When we're alone again, with just the sound of Rose's contractions in the next room, I ask Ray if Rose told him anything about the dead man I found in the paddock on Parker Street.

‘He had an arrow in the back of his leg,' I explain, ‘and a knife sticking out of his chest. It was one of our kitchen knives.'

‘She said there'd been a fight, but she didn't tell me about
killing anyone.' He scratches the bristles on his chin. ‘She's as fierce as they come. I can only guess what they did to her up there at Longley, but whatever it was she'll do anything not to go back.'

‘She was protecting us too. She knew the Wilder had found my place. He had to be kept silent.'

‘Well, he can't get any more silent than that.'

There's a louder, longer groan from the bedroom and I hear Kas telling Rose to breathe. The contractions are getting closer together. We've got everything ready: basins for warm water, plenty of towels and a couple of big cushions for Rose if she needs to get into a more comfortable position. Ray has lit a fire in the combustion stove.

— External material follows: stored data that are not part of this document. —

(* Let $p,q,\mu_h\in(0,1)$ and $y_0,y_1$, $x_0(y),x_1(y)$ be as in the context, and let $y_b$ be the unique root of the linear function $b(y)=(p\mu_h+\bar p\bar\mu_h)(qy+\bar q)-1$. Then: (i) $1<y_0<y_b<y_1$; (ii) for every real $y$ with $-1\le y\le 1$ we have $x_0(y)<x_1(y)$ and $0<x_0(y)\le 1$; moreover, at $y=0$, $0<x_0(0)<1<x_1(0)$.
   Context: Fix $p,q,\mu_h,\mu_l\in(0,1)$ with $p+q+\mu_h+\mu_l=1$; for real $x$ write $\bar x=1-x$; let $\rho=p/\mu_h+q/\mu_l$ and assume $\rho<1$. Define $a(y)=p\bar\mu_h(qy+\bar q)$, $b(y)=(p\mu_h+\bar p\bar\mu_h)(qy+\bar q)-1$, $c(y)=\bar p\mu_h(qy+\bar q)$ and $\Delta(y)=b(y)^2-4a(y)c(y)=(p\mu_h-\bar p\bar\mu_h)^2(qy+\bar q)^2-2(p\mu_h+\bar p\bar\mu_h)(qy+\bar q)+1$. Its two zeros are $y_0=\frac{p\mu_h+\bar p\bar\mu_h-2\sqrt{p\mu_h\bar p\bar\mu_h}}{(p\mu_h-\bar p\bar\mu_h)^2q}-\frac{\bar q}{q}$ and $y_1=\frac{p\mu_h+\bar p\bar\mu_h+2\sqrt{p\mu_h\bar p\bar\mu_h}}{(p\mu_h-\bar p\bar\mu_h)^2q}-\frac{\bar q}{q}$. Let $\sqrt{\Delta(y)}$ denote the branch analytic on $\mathbb{C}\setminus[y_0,y_1]$ which is positive for real $y<y_0$, and let $x_0(y)=\frac{1-(p\mu_h+\bar p\bar\mu_h)(qy+\bar q)-\sqrt{\Delta(y)}}{2p\bar\mu_h(qy+\bar q)}$, $x_1(y)=\frac{1-(p\mu_h+\bar p\bar\mu_h)(qy+\bar q)+\sqrt{\Delta(y)}}{2p\bar\mu_h(qy+\bar q)}$ be the two roots in $x$ of $a(y)x^2+b(y)x+c(y)=0$. *)

theory Defs
  imports "HOL-Analysis.Analysis"
begin

definition bar :: "real \<Rightarrow> real" where
  "bar x = 1 - x"

definition rho :: "real \<Rightarrow> real \<Rightarrow> real \<Rightarrow> real \<Rightarrow> real" where
  "rho p q mh ml = p / mh + q / ml"

definition acoef :: "real \<Rightarrow> real \<Rightarrow> real \<Rightarrow> complex \<Rightarrow> complex" where
  "acoef p q mh y = of_real (p * bar mh) * (of_real q * y + of_real (bar q))"

definition bcoef :: "real \<Rightarrow> real \<Rightarrow> real \<Rightarrow> complex \<Rightarrow> complex" where
  "bcoef p q mh y = of_real (p * mh + bar p * bar mh) * (of_real q * y + of_real (bar q)) - 1"

definition ccoef :: "real \<Rightarrow> real \<Rightarrow> real \<Rightarrow> complex \<Rightarrow> complex" where
  "ccoef p q mh y = of_real (bar p * mh) * (of_real q * y + of_real (bar q))"

definition Delta :: "real \<Rightarrow> real \<Rightarrow> real \<Rightarrow> complex \<Rightarrow> complex" where
  "Delta p q mh y = (bcoef p q mh y)\<^sup>2 - 4 * acoef p q mh y * ccoef p q mh y"

definition y0 :: "real \<Rightarrow> real \<Rightarrow> real \<Rightarrow> real" where
  "y0 p q mh = (p * mh + bar p * bar mh - 2 * sqrt (p * mh * bar p * bar mh))
                 / ((p * mh - bar p * bar mh)\<^sup>2 * q) - bar q / q"

definition y1 :: "real \<Rightarrow> real \<Rightarrow> real \<Rightarrow> real" where
  "y1 p q mh = (p * mh + bar p * bar mh + 2 * sqrt (p * mh * bar p * bar mh))
                 / ((p * mh - bar p * bar mh)\<^sup>2 * q) - bar q / q"

text \<open>The roots x_0, x_1, given a value s of the chosen branch of sqrt(Delta(y)).\<close>
definition xroot0 :: "real \<Rightarrow> real \<Rightarrow> real \<Rightarrow> (complex \<Rightarrow> complex) \<Rightarrow> complex \<Rightarrow> complex" where
  "xroot0 p q mh sq y =
     (1 - of_real (p * mh + bar p * bar mh) * (of_real q * y + of_real (bar q)) - sq y)
       / (2 * of_real (p * bar mh) * (of_real q * y + of_real (bar q)))"
theorem mcdiarmid_inequality:
  fixes M :: "'i \<Rightarrow> 'a measure" and F :: "('i \<Rightarrow> 'a) \<Rightarrow> real"
  assumes P: "\<And>i. prob_space (M i)" and "finite I" "I \<noteq> {}"
    and F_meas[measurable]: "F \<in> borel_measurable (PiM I M)"
    and F_diff: "\<And>i x y y'. i \<in> I \<Longrightarrow> x \<in> space (PiM I M) \<Longrightarrow> y \<in> space (M i) \<Longrightarrow>
                   y' \<in> space (M i) \<Longrightarrow> \<bar>F (x(i := y)) - F (x(i := y'))\<bar> \<le> c"
    and "c > 0" "e > 0"
  shows "measure (PiM I M) {x \<in> space (PiM I M). \<bar>F x - (\<integral>x. F x \<partial>PiM I M)\<bar> \<ge> e}
           \<le> 2 * exp (- 2 * e\<^sup>2 / (c\<^sup>2 * real (card I)))"
proof -
  interpret prob_space "PiM I M" by (rule prob_space_PiM[OF P])
  define E where "E = (\<integral>x. F x \<partial>PiM I M)"
  define bound where "bound = exp (- 2 * e\<^sup>2 / (c\<^sup>2 * real (card I)))"
  have upper: "prob {x \<in> space (PiM I M). F x - E \<ge> e} \<le> bound"
    unfolding E_def bound_def by (rule mcdiarmid_upper_tail[OF assms])
  have "prob {x \<in> space (PiM I M). - F x - (\<integral>x. - F x \<partial>PiM I M) \<ge> e} \<le> bound"
    unfolding bound_def
  proof (rule mcdiarmid_upper_tail[OF P \<open>finite I\<close> \<open>I \<noteq> {}\<close> _ _ \<open>c > 0\<close> \<open>e > 0\<close>])
    show "(\<lambda>x. - F x) \<in> borel_measurable (PiM I M)" by measurable
    show "\<bar>- F (x(i := y)) - - F (x(i := y'))\<bar> \<le> c"
      if "i \<in> I" "x \<in> space (PiM I M)" "y \<in> space (M i)" "y' \<in> space (M i)" for i x y y'
      using F_diff[OF that] by (simp add: abs_minus_commute)
  qed
  then have lower: "prob {x \<in> space (PiM I M). E - F x \<ge> e} \<le> bound"
    unfolding E_def by (simp add: algebra_simps)
  have "{x \<in> space (PiM I M). \<bar>F x - E\<bar> \<ge> e}
      = {x \<in> space (PiM I M). F x - E \<ge> e} \<union> {x \<in> space (PiM I M). E - F x \<ge> e}"
    by auto
  then have "prob {x \<in> space (PiM I M). \<bar>F x - E\<bar> \<ge> e}
      \<le> prob {x \<in> space (PiM I M). F x - E \<ge> e} + prob {x \<in> space (PiM I M). E - F x \<ge> e}"
    by (simp add: measure_Un_le)
  with upper lower show ?thesis
    unfolding E_def bound_def by linarith
qed

section \<open>Cell statistics of samples\<close>

lemma powr_add_le_add_powr:
  fixes a b e :: real
  assumes "0 \<le> a" "0 \<le> b" "0 \<le> e" "e \<le> 1"
  shows "(a + b) powr e \<le> a powr e + b powr e"
proof (cases "a + b = 0")
  case True
  with assms show ?thesis by simp
next
  case False
  define s where "s = a + b"
  have "s > 0" using assms False by (simp add: s_def)
  have le_powr: "u / s \<le> (u / s) powr e" if "0 \<le> u" "u \<le> s" for u
  proof (cases "u = 0")
    case False
    then have "(u / s) powr 1 \<le> (u / s) powr e"
      using that \<open>s > 0\<close> assms by (intro powr_mono') simp_all
    with False that \<open>s > 0\<close> show ?thesis by simp
  qed simp
  have "1 = a / s + b / s"
    using \<open>s > 0\<close> by (simp add: s_def add_divide_distrib[symmetric])
  also have "\<dots> \<le> (a / s) powr e + (b / s) powr e"
    using assms by (intro add_mono le_powr) (simp_all add: s_def)
  also have "\<dots> = (a powr e + b powr e) / s powr e"
    using assms \<open>s > 0\<close> by (simp add: powr_divide add_divide_distrib)
  finally show ?thesis
    using \<open>s > 0\<close> by (simp add: s_def le_divide_eq)
qed

lemma powr_plus_one_increment:
  fixes c e :: real
  assumes "0 \<le> c" "0 \<le> e" "e \<le> 1"
  shows "0 \<le> (c + 1) powr e - c powr e" "(c + 1) powr e - c powr e \<le> 1"
  using powr_mono2[of e c "c + 1"] powr_add_le_add_powr[of c 1 e] assms by simp_all

text \<open>Samples are labelled by the cell containing them (None outside all cells). The labels
  range over a countable set, which is what makes the statistic measurable.\<close>

definition cell_of :: "'b set set \<Rightarrow> 'b \<Rightarrow> 'b set option" where
  "cell_of \<Phi> p = (if \<exists>G\<in>\<Phi>. p \<in> G then Some (SOME G. G \<in> \<Phi> \<and> p \<in> G) else None)"

lemma cell_of_range: "cell_of \<Phi> p \<in> insert None (Some ` \<Phi>)"
  unfolding cell_of_def by (auto intro: someI2_ex)

lemma cell_of_eq_Some_iff:
  assumes "disjoint \<Phi>" "G \<in> \<Phi>"
  shows "cell_of \<Phi> p = Some G \<longleftrightarrow> p \<in> G"
proof -
  have "(SOME G. G \<in> \<Phi> \<and> p \<in> G) = G" if "p \<in> G"
    using assms that by (intro some_equality) (auto dest: disjointD)
  moreover have "p \<in> (SOME G. G \<in> \<Phi> \<and> p \<in> G)" if "\<exists>G\<in>\<Phi>. p \<in> G"
    using that by (auto intro: someI2_ex)
  ultimately show ?thesis
    using assms(2) unfolding cell_of_def by auto
qed

lemma cell_of_eq_None_iff: "cell_of \<Phi> p = None \<longleftrightarrow> p \<notin> \<Union>\<Phi>"
  unfolding cell_of_def by auto

lemma measurable_cell_of:
  assumes "countable \<Phi>" "\<Phi> \<subseteq> sets S" "disjoint \<Phi>"
  shows "cell_of \<Phi> \<in> measurable S (count_space (insert None (Some ` \<Phi>)))"
  unfolding measurable_count_space_eq_countable[OF countable_insert[OF countable_image[OF assms(1)]]]
proof (intro conjI ballI)
  show "cell_of \<Phi> \<in> space S \<rightarrow> insert None (Some ` \<Phi>)"
    by (intro Pi_I cell_of_range)
next
  fix a assume a: "a \<in> insert None (Some ` \<Phi>)"
  show "cell_of \<Phi> -` {a} \<inter> space S \<in> sets S"
  proof (cases a)
    case None
    then have "cell_of \<Phi> -` {a} \<inter> space S = space S - \<Union>\<Phi>"
      by (auto simp: cell_of_eq_None_iff)
    moreover have "\<Union>\<Phi> \<in> sets S" by (rule sets.countable_Union[OF assms(1,2)])
    ultimately show ?thesis by auto
  next
    case (Some G)
    with a have "G \<in> \<Phi>" by auto
    then have G: "G \<in> sets S" using assms(2) by blast
    then have "G \<subseteq> space S" by (rule sets.sets_into_space)
    then have "cell_of \<Phi> -` {a} \<inter> space S = G"
      using Some cell_of_eq_Some_iff[OF assms(3) \<open>G \<in> \<Phi>\<close>] by auto
    with G show ?thesis by simp
  qed
qed

definition cell_count :: "nat \<Rightarrow> (nat \<Rightarrow> 'c option) \<Rightarrow> 'c \<Rightarrow> nat" where
  "cell_count N v G = card {n \<in> {1..N}. v n = Some G}"

definition cell_statistic :: "nat \<Rightarrow> real \<Rightarrow> 'c set \<Rightarrow> (nat \<Rightarrow> 'c option) \<Rightarrow> real" where
  "cell_statistic N e \<Phi> v = (1 / real N) * infsum (\<lambda>G. real (cell_count N v G) powr e) \<Phi>"

lemma cell_statistic_restrict: "cell_statistic N e \<Phi> (restrict v {1..N}) = cell_statistic N e \<Phi> v"
  unfolding cell_statistic_def cell_count_def by (simp cong: conj_cong)

lemma cell_statistic_eq_sum:
  assumes "finite S" "Option.these (v ` {1..N}) \<subseteq> S"
  shows "cell_statistic N e \<Phi> v = (1 / real N) * (\<Sum>G\<in>\<Phi> \<inter> S. real (cell_count N v G) powr e)"
proof -
  have "cell_count N v G = 0" if "G \<notin> S" for G
  proof -
    have "Some G \<notin> v ` {1..N}"
      using that assms(2) in_these_eq[of G "v ` {1..N}"] by blast
    then have "v n \<noteq> Some G" if "n \<in> {1..N}" for n
      using that by (metis image_eqI)
    then show ?thesis by (simp add: cell_count_def)
  qed
  then have "infsum (\<lambda>G. real (cell_count N v G) powr e) \<Phi>
           = infsum (\<lambda>G. real (cell_count N v G) powr e) (\<Phi> \<inter> S)"
    by (intro infsum_cong_neutral) auto
  then show ?thesis
    using assms(1) unfolding cell_statistic_def by simp
qed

‘We're all going to have to help in there, Finn,' he says. ‘You as well.'

‘But I don't know what to do, Ray.'

‘She's gonna scream the house down most likely. Harriet used to say childbirth was like trying to push a basketball through a garden hose. I went with her once, over to Brigid Watson's place. They had the next farm over. It was when there were no doctors left on the coast. Her husband had died and her kids were just young'uns, so they weren't much help. Strongest woman I ever seen. She ran that farm on her own, even while she was pregnant. Harriet said she had child-bearing hips.'

‘What's that mean?'

‘A big arse, I reckon. Anyway, the baby slipped out like toothpaste from a tube. Cute little bugger, too. Girl. Didn't live past her first birthday, though. But I watched what Harriet
did, getting Brigid comfortable, talking to her the whole time. Reassuring her. Brigid delivered the baby on all fours.'

I'm starting to feel a bit sick with this detail, but at least I know more of what to expect.

‘Rose doesn't have child-bearing hips,' I say.